Croatia will catch up in ten years' time with the member states which joined the EU before it did, Prime Minister Andrej Plenkovic said on Monday at an international conference on the next decade in Croatia's European integration.
The conference was organised by the Zagreb Faculty of Law, in cooperation with the European Commission Representation in Croatia, on the occasion of the upcoming tenth anniversary of Croatia’s EU membership. Croatia joined the EU on 1 July 2013, more than ten years after applying.
Croatia’s EU accession process was much harder than it is perceived by a part of the public, Plenkovic said.
He spoke of the EU’s “wide-open arms” to Central Europe that left out Croatia, at that time a victim of Slobodan Milosevic’s Greater Serbia aggression.
In the 1990s, there was a lack of EU-Zagreb dialogue, yet during that whole time Croatian diplomats were urging old member states to “break” the regional approach to enlargement.
The cooperation with the Hague war crimes tribunal “took two years from” the negotiations and the border situation with Slovenia another two, Plenkovic said.
“Where we are now was complicated, politically difficult, institutionally demanding, and during that time an enormous job was being done to align Croatia’s legal and economic systems to the EU acquis,” he said, thanking the defenders by saying that without their fight for freedom, one could not have talked about integration.
Since the start of the millennium, Croatia has been catching up with the member states which began the integration process in the late 1980s, Plenkovic said, adding that at the end of the next decade, Croatia will have achieved that and society will have realised how far Croatia has come.
Croatia has achieved its strategic goals and succeeded on the financial front, but in considering “the element of society’s total identification, of the political actors in particular,” with those achievements, “we have a lot more work to do,” he said.
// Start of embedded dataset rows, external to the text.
(* Let $\mathcal{H}_\mathrm{V}$ and $\mathcal{H}_\mathrm{L}$ be finite-dimensional Hilbert spaces, let $\eta_\mathrm{V}\in\mathcal{P}(\mathcal{H}_\mathrm{V})$ be a target density operator, and let $\{\rho(\theta)\}_\theta\subset\mathcal{P}(\mathcal{H}_\mathrm{V}\otimes\mathcal{H}_\mathrm{L})$ be a density operator latent variable model with $\rho(\theta)$ positive definite for every $\theta$, and $\rho_\mathrm{V}(\theta)=\mathrm{Tr}_\mathrm{L}\rho(\theta)$. Let $\mathcal{J}(\eta_\mathrm{V})=\{\eta\in\mathcal{P}(\mathcal{H}_\mathrm{V}\otimes\mathcal{H}_\mathrm{L}) : \mathrm{Tr}_\mathrm{L}\eta=\eta_\mathrm{V}\}$. Then for every $\theta$ and every $\eta\in\mathcal{J}(\eta_\mathrm{V})$, $$\mathcal{L}(\theta)=\mathrm{Tr}(\eta_\mathrm{V}\log\rho_\mathrm{V}(\theta))\;\geq\; \mathrm{QELBO}(\eta,\theta):=\mathrm{Tr}(\eta\log\rho(\theta))+S(\eta)-S(\eta_\mathrm{V}).$$
   Context: $\mathcal{P}(\mathcal{H})$ denotes the set of density operators on $\mathcal{H}$ (Hermitian, positive semidefinite, unit trace). $\mathrm{Tr}_\mathrm{L}$ is the partial trace over $\mathcal{H}_\mathrm{L}$. $S(\eta)=-\mathrm{Tr}(\eta\log\eta)$ is the von Neumann entropy (with $0\log 0=0$). $\mathcal{L}(\theta)$ is called the log-likelihood of the model for the target $\eta_\mathrm{V}$. *)

theory Defs
  imports Complex_Main "Jordan_Normal_Form.Matrix" "Jordan_Normal_Form.Schur_Decomposition"
begin

text \<open>Finite-dimensional Hilbert spaces are modelled as complex coordinate spaces;
operators are complex square matrices (JNF type complex mat, square).\<close>

definition hermitian_mat :: "nat \<Rightarrow> complex mat \<Rightarrow> bool" where
  "hermitian_mat n A \<longleftrightarrow> A \<in> carrier_mat n n \<and> mat_adjoint A = A"

definition psd_mat :: "nat \<Rightarrow> complex mat \<Rightarrow> bool" where
  "psd_mat n A \<longleftrightarrow> hermitian_mat n A \<and>
     (\<forall>v \<in> carrier_vec n. 0 \<le> Re (conjugate v \<bullet> (A *\<^sub>v v)))"

definition pd_mat :: "nat \<Rightarrow> complex mat \<Rightarrow> bool" where
  "pd_mat n A \<longleftrightarrow> hermitian_mat n A \<and>
     (\<forall>v \<in> carrier_vec n. v \<noteq> 0\<^sub>v n \<longrightarrow> 0 < Re (conjugate v \<bullet> (A *\<^sub>v v)))"

definition mat_trace :: "complex mat \<Rightarrow> complex" where
  "mat_trace A = (\<Sum>i<dim_row A. A $$ (i, i))"

definition density_mat :: "nat \<Rightarrow> complex mat \<Rightarrow> bool" where
  "density_mat n A \<longleftrightarrow> psd_mat n A \<and> mat_trace A = 1"

definition unitary_mat :: "nat \<Rightarrow> complex mat \<Rightarrow> bool" where
  "unitary_mat n U \<longleftrightarrow> U \<in> carrier_mat n n \<and> U * mat_adjoint U = 1\<^sub>m n"

definition real_diag_mat :: "nat \<Rightarrow> (nat \<Rightarrow> real) \<Rightarrow> complex mat" where
  "real_diag_mat n d = mat n n (\<lambda>(i,j). if i = j then complex_of_real (d i) else 0)"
Plenkovic went on to say that as the politician who started regularly reporting to parliament about European Council meetings, he noticed “a very important” phenomenon for Croatia’s future in the EU, minimum identification by some political parties and leaders, that were not involved in the integration process, with the state’s strategic successes.
“When the actors who have no element of identification at all prevail, we’ll have a problem,” he said, adding that the essence of the European integration process is often not understood.
An example of that trend was Brexit, “a rarely seen” phenomenon, which does not mean it won’t happen somewhere else also, Plenkovic said. “Issues like illegal migration, which are at the core of most societies’ reservations about further enlargement, are capital issues changing the political scenes in the old member states.”
The Commission’s vice president for demography and democracy, Dubravka Suica, said Croatia and Europe make each other stronger and that “today, we can freely say that Croatia’s voice is well-heard at the level of all institutions.”
“Today, Croatia is a strong, successful and influential EU member regardless of its size,” she added.